EPJ B Highlight - Coalescence-fragmentation cycles based on Human conflict

Lewis Richardson’s models of insurgency warfare applies to general group dynamics. Credit: NOAA Presentation/Public Domain

Inspired by insurgency warfare dynamics, a model predicts patterns of how groups gel and shatter

In 1960, Lewis Fry Richardson famously observed that the severity of a wartime event is described by a simple power law distribution that scales according to the size of the conflict. Statisticians since have since proposed various modifications, but they continue to agree that casualty count in a violent conflict tends to scale with the size of the insurgent group that caused the conflict. In a study published in EPJ B, Brennen Fagan, of the University of York, UK, and his colleagues analyze models of how complex systems coalesce and fragment based on these warfare dynamics. Their work evaluates the robustness of these models and elucidates the relationship between microscopic dynamics and observed phenomena.

In finite populations, groups coalesce and they fragment. These processes tend to balance one another, resulting in groups whose size distribution is described by a power law. Fagan surmised that these observed distributions result from the same basic self-organization that shapes human conflicts. Complex systems also feature finer-scale changes in group distributions: gelation, where most of the population is absorbed into a single large group; and shattering, where large groups break into individuals. Moreover, models suggest an emergent phenomenon: stochastic cycles of gelling and shattering.
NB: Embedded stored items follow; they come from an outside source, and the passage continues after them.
lemma sorts_sorted_list:
  assumes "sorts N a p"
  shows "map (\<lambda>i. a (p i)) [0..<N] = sorted_list_of_set (a ` {0..<N})"
proof (rule sorted_distinct_set_unique)
  have "sorted_wrt (<) (map (\<lambda>i. a (p i)) [0..<N])"
    unfolding sorted_wrt_iff_nth_less using sorts_strict_mono[OF assms] by auto
  then show "sorted (map (\<lambda>i. a (p i)) [0..<N])" "distinct (map (\<lambda>i. a (p i)) [0..<N])"
    by (auto simp: strict_sorted_iff)
  have "p permutes {0..<N}"
    using assms unfolding sorts_def by blast
  have "set (map (\<lambda>i. a (p i)) [0..<N]) = a ` p ` {0..<N}"
    by (simp add: image_image)
  also have "\<dots> = a ` {0..<N}"
    using permutes_image[OF \<open>p permutes {0..<N}\<close>] by simp
  finally show "set (map (\<lambda>i. a (p i)) [0..<N]) = set (sorted_list_of_set (a ` {0..<N}))"
    by simp
qed auto

lemma sorts_unique:
  assumes "inj_on a {0..<N}" "sorts N a p" "sorts N a q"
  shows "p = q"
proof
  fix x
  have p: "p permutes {0..<N}" and q: "q permutes {0..<N}"
    using assms(2,3) unfolding sorts_def by blast+
  show "p x = q x"
  proof (cases "x < N")
    case True
    have "map (\<lambda>i. a (p i)) [0..<N] = map (\<lambda>i. a (q i)) [0..<N]"
      using sorts_sorted_list[OF assms(2)] sorts_sorted_list[OF assms(3)] by simp
    then have "a (p x) = a (q x)"
      using True by (metis (no_types, lifting) add_0 diff_zero length_upt nth_map nth_upt)
    then show ?thesis
      using assms(1) True permutes_less[OF p] permutes_less[OF q] by (auto dest: inj_onD)
  next
    case False
    then show ?thesis using p q by (simp add: permutes_not_in)
  qed
qed

lemma sorts_exists:
  assumes "inj_on a {0..<N}"
  obtains p where "sorts N a p"
proof -
  let ?xs = "map a [0..<N]"
  obtain p where p: "p permutes {..<length ?xs}" "permute_list p ?xs = sort ?xs"
    using mset_eq_permutation[of "sort ?xs" ?xs] by auto
  have perm: "p permutes {0..<N}"
    using p(1) by (simp add: lessThan_atLeast0)
  have sorted_nth: "sort ?xs ! i = a (p i)" if "i < N" for i
    using permute_list_nth[OF p(1)] p(2) that permutes_less[OF perm that] by simp
  have "sorted_wrt (<) (sort ?xs)"
    using assms by (simp add: strict_sorted_iff distinct_map)
  then have "a (p i) < a (p (Suc i))" if "Suc i < N" for i
    using sorted_wrt_nth_less[of "(<)" "sort ?xs" i "Suc i"] that sorted_nth[of i] sorted_nth[of "Suc i"]
    by simp
  then show ?thesis
    using that perm unfolding sorts_def by blast
qed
Fagan and his colleagues performed simulations to examine how standard models of coalescence and fragmentation vary with different underlying or additional rules common to applications. They found that the basic power law distribution persisted when individuals moved to and from randomly-chosen groups, and with partial rather than total shattering. But for broader distributions of fragment sizes, the gel-shatter cyclicity no longer occurred.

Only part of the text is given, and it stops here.